You just started a new job that seemed perfect - until your supervisor started making inappropriate comments about your appearance. Or your employer suddenly cut your hours after telling them you're pregnant. Maybe you even overheard a colleague making discriminatory remarks about another employee's religion or race.
Situations like these are unfortunately all too common in modern workplaces. But whether you're a young millennial fresh out of college or an early career gen-z employee, you have federal rights protecting you from workplace discrimination and harassment. This is where the EEOC comes in.
What is the EEOC?
EEOC stands for the Equal Employment Opportunity Commission. This government agency enforces federal laws making it illegal for employers to discriminate against applicants or employees based on protected characteristics like:
- Sex (including pregnancy)
- National origin
- Age (over 40)
- Genetic information
The EEOC oversees the handling of discrimination and harassment complaints in workplaces with 15 or more employees. They investigate charges, mediate disputes, and even file lawsuits against employers violating anti-discrimination laws.

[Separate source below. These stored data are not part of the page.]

(* Let $X\in\mathbb{R}^g$ be a random block, let $\{L_B\}_{B\in\overline{\mathcal C}}$ be nonnegative block losses, and let $S,F$ be a measurable partition of the block space with $p=\mathbb{P}(X\in S)$. Let $R_S^\star=\inf_{B}R_S(B)$ and $R_F^\star=\inf_B R_F(B)$. If grids $B_S,B_F\in\overline{\mathcal C}$ and constants $\alpha_S,\alpha_F$ satisfy $R_S(B_S)\le\alpha_S R_S^\star$ and $R_F(B_F)\le\alpha_F R_F^\star$, then $$R_{\mathrm{PO2}}(B_S,B_F)\le\max\{\alpha_S,\alpha_F\}\,R^\star.$$
   Context: Grid space: $\overline{\mathcal C}:=\{B=(b_0,\dots,b_7):0=b_0\le\cdots\le b_7=1\}$. For a block $X=(X_1,\dots,X_g)$ with $M=\max_i|X_i|$, the absmax block loss is $L_B(X)=M^2\frac1g\sum_i\min_j(|X_i|/M-b_j)^2$ (zero if $M=0$). Conditional risks: $R_S(B):=\mathbb{E}[L_B(X)\mid X\in S]$, $R_F(B):=\mathbb{E}[L_B(X)\mid X\in F]$. Two-grid risk: $R_{\mathrm{PO2}}(B_1,B_2):=\mathbb{E}[\min\{L_{B_1}(X),L_{B_2}(X)\}]$. Best single-grid risk: $R^\star:=\inf_{B\in\overline{\mathcal C}}\mathbb{E}L_B(X)=\inf_B\bigl(pR_S(B)+(1-p)R_F(B)\bigr)$. *)

theory Defs
  imports "HOL-Probability.Probability"
begin

text \<open>Grid space: grids B = (b_0,...,b_7) with 0 = b_0 <= ... <= b_7 = 1,
  represented as functions nat => real (only the values at 0..7 matter).\<close>
definition Cbar :: "(nat \<Rightarrow> real) set" where
  "Cbar = {b. b 0 = 0 \<and> b 7 = 1 \<and> (\<forall>i<7. b i \<le> b (Suc i))}"

definition cond_risk ::
  "'a measure \<Rightarrow> ('a \<Rightarrow> 'b) \<Rightarrow> ('c \<Rightarrow> 'b \<Rightarrow> real) \<Rightarrow> 'b set \<Rightarrow> 'c \<Rightarrow> real" where
  "cond_risk M X L A B =
     (\<integral>\<omega>. indicator A (X \<omega>) * L B (X \<omega>) \<partial>M) / measure M {\<omega>\<in>space M. X \<omega> \<in> A}"

definition risk_PO2 ::
  "'a measure \<Rightarrow> ('a \<Rightarrow> 'b) \<Rightarrow> ('c \<Rightarrow> 'b \<Rightarrow> real) \<Rightarrow> 'c \<Rightarrow> 'c \<Rightarrow> real" where
  "risk_PO2 M X L B1 B2 = (\<integral>\<omega>. min (L B1 (X \<omega>)) (L B2 (X \<omega>)) \<partial>M)"

definition best_risk ::
  "'a measure \<Rightarrow> ('a \<Rightarrow> 'b) \<Rightarrow> ('c \<Rightarrow> 'b \<Rightarrow> real) \<Rightarrow> 'c set \<Rightarrow> real" where
  "best_risk M X L G = (INF B\<in>G. \<integral>\<omega>. L B (X \<omega>) \<partial>M)"

end

theory Submission
  imports Defs
begin

text \<open>Comparing with an arbitrary single grid B: on S the two-grid risk is at most the loss of B_S,
  on F at most that of B_F, and by near-optimality these conditional risks are within the factor
  max \<alpha>_S \<alpha>_F of the conditional risks of B. The law of total expectation reassembles the
  latter into the risk of B, and taking the infimum over B gives the bound.\<close>

lemma (in finite_measure) integral_indicator_mult_eq_cond_risk:
  assumes X: "X \<in> measurable M N" and A: "A \<in> sets N"
  shows "(\<integral>\<omega>. indicator A (X \<omega>) * L B (X \<omega>) \<partial>M)
       = measure M {\<omega>\<in>space M. X \<omega> \<in> A} * cond_risk M X L A B"
proof (cases "measure M {\<omega>\<in>space M. X \<omega> \<in> A} = 0")
  case True
  \<comment> \<open>Here cond_risk is 0 through division by zero, so the integral must vanish too.\<close>
  have "{\<omega>\<in>space M. X \<omega> \<in> A} \<in> sets M"
    using measurable_sets[OF X A] by (simp add: vimage_def Int_def conj_commute)
  with True have "{\<omega>\<in>space M. X \<omega> \<in> A} \<in> null_sets M"
    by (auto simp: emeasure_eq_measure)
  then have "AE \<omega> in M. \<omega> \<notin> {\<omega>\<in>space M. X \<omega> \<in> A}" by (rule AE_not_in)
  then have "AE \<omega> in M. indicator A (X \<omega>) * L B (X \<omega>) = 0"
    by (rule AE_mp) (auto simp: indicator_def intro!: AE_space[THEN AE_mp])
  then have "(\<integral>\<omega>. indicator A (X \<omega>) * L B (X \<omega>) \<partial>M) = 0" by (rule integral_eq_zero_AE)
  with True show ?thesis by simp
qed (simp add: cond_risk_def)

lemma cond_risk_nonneg:
  assumes "\<And>x. 0 \<le> L B x"
  shows "0 \<le> cond_risk M X L A B"
  unfolding cond_risk_def using assms
  by (intro divide_nonneg_nonneg integral_nonneg_AE) (auto simp: indicator_def)

lemma integrable_indicator_comp_mult:
  fixes f :: "'b \<Rightarrow> real"
  assumes X: "X \<in> measurable M N" and A: "A \<in> sets N" and f: "f \<in> borel_measurable N"
    and int: "integrable M (\<lambda>\<omega>. f (X \<omega>))"
  shows "integrable M (\<lambda>\<omega>. indicator A (X \<omega>) * f (X \<omega>))"
proof (rule Bochner_Integration.integrable_bound[OF int])
  show "(\<lambda>\<omega>. indicator A (X \<omega>) * f (X \<omega>)) \<in> borel_measurable M"
    using measurable_compose[OF X borel_measurable_indicator[OF A]] measurable_compose[OF X f]
    by (intro borel_measurable_times) (simp_all add: o_def)
qed (auto simp: indicator_def)

lemma (in finite_measure) integral_eq_cond_risk_partition:
  assumes X: "X \<in> measurable M N" and S: "S \<in> sets N" and F: "F \<in> sets N"
    and partition: "S \<inter> F = {}" "S \<union> F = UNIV"
    and L: "L B \<in> borel_measurable N" and int: "integrable M (\<lambda>\<omega>. L B (X \<omega>))"
  shows "(\<integral>\<omega>. L B (X \<omega>) \<partial>M)
       = measure M {\<omega>\<in>space M. X \<omega> \<in> S} * cond_risk M X L S B
       + measure M {\<omega>\<in>space M. X \<omega> \<in> F} * cond_risk M X L F B"
proof -
  have "(\<integral>\<omega>. L B (X \<omega>) \<partial>M)
      = (\<integral>\<omega>. indicator S (X \<omega>) * L B (X \<omega>) + indicator F (X \<omega>) * L B (X \<omega>) \<partial>M)"
    using partition by (intro Bochner_Integration.integral_cong) (auto simp: indicator_def)
  also have "\<dots> = (\<integral>\<omega>. indicator S (X \<omega>) * L B (X \<omega>) \<partial>M)
                + (\<integral>\<omega>. indicator F (X \<omega>) * L B (X \<omega>) \<partial>M)"
    using integrable_indicator_comp_mult[OF X S L int] integrable_indicator_comp_mult[OF X F L int]
    by (rule Bochner_Integration.integral_add)
  finally show ?thesis
    by (simp add: integral_indicator_mult_eq_cond_risk[OF X S]
        integral_indicator_mult_eq_cond_risk[OF X F])
qed

lemma (in finite_measure) risk_PO2_le_cond_risks:
  assumes X: "X \<in> measurable M N" and S: "S \<in> sets N" and F: "F \<in> sets N"
    and partition: "S \<inter> F = {}" "S \<union> F = UNIV"
    and L1: "L B1 \<in> borel_measurable N" and int1: "integrable M (\<lambda>\<omega>. L B1 (X \<omega>))"
    and L2: "L B2 \<in> borel_measurable N" and int2: "integrable M (\<lambda>\<omega>. L B2 (X \<omega>))"
  shows "risk_PO2 M X L B1 B2
       \<le> measure M {\<omega>\<in>space M. X \<omega> \<in> S} * cond_risk M X L S B1
       + measure M {\<omega>\<in>space M. X \<omega> \<in> F} * cond_risk M X L F B2"
proof -
  have intS: "integrable M (\<lambda>\<omega>. indicator S (X \<omega>) * L B1 (X \<omega>))"
    by (rule integrable_indicator_comp_mult[OF X S L1 int1])
  have intF: "integrable M (\<lambda>\<omega>. indicator F (X \<omega>) * L B2 (X \<omega>))"
    by (rule integrable_indicator_comp_mult[OF X F L2 int2])
  have "risk_PO2 M X L B1 B2
      \<le> (\<integral>\<omega>. indicator S (X \<omega>) * L B1 (X \<omega>) + indicator F (X \<omega>) * L B2 (X \<omega>) \<partial>M)"
    unfolding risk_PO2_def
    using int1 int2 intS intF partition
    by (intro integral_mono) (auto simp: indicator_def)
  also have "\<dots> = (\<integral>\<omega>. indicator S (X \<omega>) * L B1 (X \<omega>) \<partial>M)
                + (\<integral>\<omega>. indicator F (X \<omega>) * L B2 (X \<omega>) \<partial>M)"
    using intS intF by (rule Bochner_Integration.integral_add)
  finally show ?thesis
    by (simp add: integral_indicator_mult_eq_cond_risk[OF X S]
        integral_indicator_mult_eq_cond_risk[OF X F])
qed

lemma le_scaled_INF_imp_le_scaled:
  fixes c :: "'b \<Rightarrow> real"
  assumes c0: "c0 \<le> \<alpha> * (INF x\<in>G. c x)" and nonneg: "\<And>x. x \<in> G \<Longrightarrow> 0 \<le> c x"
    and "\<alpha> \<le> m" "0 \<le> m" and x: "x \<in> G"
  shows "c0 \<le> m * c x"
proof -
  have "0 \<le> (INF x\<in>G. c x)"
    using x nonneg by (auto intro!: cINF_greatest)
  then have "\<alpha> * (INF x\<in>G. c x) \<le> m * (INF x\<in>G. c x)"
    using \<open>\<alpha> \<le> m\<close> by (intro mult_right_mono)
  also have "\<dots> \<le> m * c x"
    using nonneg x \<open>0 \<le> m\<close> by (intro mult_left_mono cINF_lower bdd_belowI[where m = 0]) auto
  finally show ?thesis using c0 by simp
qed

lemma le_mult_INF:
  fixes f :: "'b \<Rightarrow> real"
  assumes "G \<noteq> {}" "0 \<le> m" and le: "\<And>x. x \<in> G \<Longrightarrow> r \<le> m * f x"
  shows "r \<le> m * (INF x\<in>G. f x)"
proof (cases "m = 0")
  case True
  with assms show ?thesis by auto
next
  case False
  with \<open>0 \<le> m\<close> have "0 < m" by simp
  with le have "r / m \<le> (INF x\<in>G. f x)"
    using \<open>G \<noteq> {}\<close> by (intro cINF_greatest) (auto simp: divide_le_eq mult.commute)
  with \<open>0 < m\<close> show ?thesis by (simp add: divide_le_eq mult.commute)
qed

theorem corollary1:
  fixes M :: "'a measure"
    and X :: "'a \<Rightarrow> real ^ 'g"
    and L :: "(nat \<Rightarrow> real) \<Rightarrow> real ^ 'g \<Rightarrow> real"
    and S F :: "(real ^ 'g) set"
    and B_S B_F :: "nat \<Rightarrow> real"
    and \<alpha>_S \<alpha>_F :: real
  assumes "prob_space M"
    and "X \<in> borel_measurable M"
    and "\<And>B. B \<in> Cbar \<Longrightarrow> L B \<in> borel_measurable borel"
    and "\<And>B x. B \<in> Cbar \<Longrightarrow> 0 \<le> L B x"
    and "\<And>B. B \<in> Cbar \<Longrightarrow> integrable M (\<lambda>\<omega>. L B (X \<omega>))"
    and "S \<in> sets borel" and "F \<in> sets borel"
    and "S \<inter> F = {}" and "S \<union> F = UNIV"
    and "B_S \<in> Cbar" and "B_F \<in> Cbar"
    and "0 \<le> max \<alpha>_S \<alpha>_F"
    and "cond_risk M X L S B_S \<le> \<alpha>_S * (INF B\<in>Cbar. cond_risk M X L S B)"
    and "cond_risk M X L F B_F \<le> \<alpha>_F * (INF B\<in>Cbar. cond_risk M X L F B)"
  shows "risk_PO2 M X L B_S B_F \<le> max \<alpha>_S \<alpha>_F * best_risk M X L Cbar"
proof -
  interpret prob_space M by (rule assms(1))
  define m where "m = max \<alpha>_S \<alpha>_F"
  define P where "P A = measure M {\<omega>\<in>space M. X \<omega> \<in> A}" for A
  have "0 \<le> m" "\<alpha>_S \<le> m" "\<alpha>_F \<le> m"
    using assms(12) by (simp_all add: m_def)
  have risk_nonneg: "\<And>A B. B \<in> Cbar \<Longrightarrow> 0 \<le> cond_risk M X L A B"
    using assms(4) by (blast intro: cond_risk_nonneg)
  have "risk_PO2 M X L B_S B_F \<le> m * (\<integral>\<omega>. L B (X \<omega>) \<partial>M)" if B: "B \<in> Cbar" for B
  proof -
    have risk_S: "cond_risk M X L S B_S \<le> m * cond_risk M X L S B"
      using risk_nonneg \<open>\<alpha>_S \<le> m\<close> \<open>0 \<le> m\<close> B
      by (rule le_scaled_INF_imp_le_scaled[OF assms(13)])
    have risk_F: "cond_risk M X L F B_F \<le> m * cond_risk M X L F B"
      using risk_nonneg \<open>\<alpha>_F \<le> m\<close> \<open>0 \<le> m\<close> B
      by (rule le_scaled_INF_imp_le_scaled[OF assms(14)])
    have "risk_PO2 M X L B_S B_F \<le> P S * cond_risk M X L S B_S + P F * cond_risk M X L F B_F"
      using risk_PO2_le_cond_risks[where L = L, OF assms(2,6-9) assms(3,5)[OF assms(10)]
          assms(3,5)[OF assms(11)]]
      by (simp add: P_def)
    also have "\<dots> \<le> m * (P S * cond_risk M X L S B + P F * cond_risk M X L F B)"
      using mult_left_mono[OF risk_S, of "P S"] mult_left_mono[OF risk_F, of "P F"]
      by (simp add: P_def algebra_simps)
    also have "\<dots> = m * (\<integral>\<omega>. L B (X \<omega>) \<partial>M)"
      using integral_eq_cond_risk_partition[where L = L and B = B, OF assms(2,6-9) assms(3,5)[OF B]]
      by (simp add: P_def)
    finally show ?thesis .
  qed
  then show ?thesis
    unfolding best_risk_def m_def[symmetric] using assms(10) \<open>0 \<le> m\<close> by (intro le_mult_INF) auto
qed

end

Recognizing Unlawful Discrimination
Discrimination isn't always obvious. Here are some common examples of potentially unlawful treatment by employers:
- You're passed up for a promotion given to a less qualified colleague of a different race
- Your supervisor schedules you for fewer shifts after disclosing a health condition
- You're denied paid paternity leave given to other new parent employees
- A hiring manager asks invasive questions about your plans to have kids
- Your coworker makes derogatory jokes about your Mexican heritage
When any conduct related to your protected status makes you uncomfortable or affects your work conditions or advancement, it may be discrimination.
Unlawful harassment is another form of discrimination. This includes unwelcome conduct targeting your protected status that is severe or pervasive enough to create a work environment a reasonable person would consider intimidating, hostile, or abusive. Offensive jokes, slurs, threats, intimidation, or physical harassment may be considered unlawful.
Filing an EEOC Complaint
If you believe you're experiencing discrimination or harassment, start keeping records documenting details like dates, times, locations, witnesses, the conduct in question, and how you responded. This information will strengthen an EEOC complaint.
You can file a charge with the EEOC through their public portal or by contacting the nearest EEOC office. A charge must be filed within 180 days of the alleged discrimination. The EEOC will evaluate your claim and decide whether to investigate, mediate, or dismiss the charge.
Realizing Your Worth in the Workplace
As a young employee, you bring valuable skills, talents, and perspective to the workforce. But you also deserve respect and equal treatment, regardless of your age, background, or affiliations. Don't tolerate unlawful discrimination that prevents you from advancing and being your best at work. Lean on the EEOC to protect your hard-won workplace rights.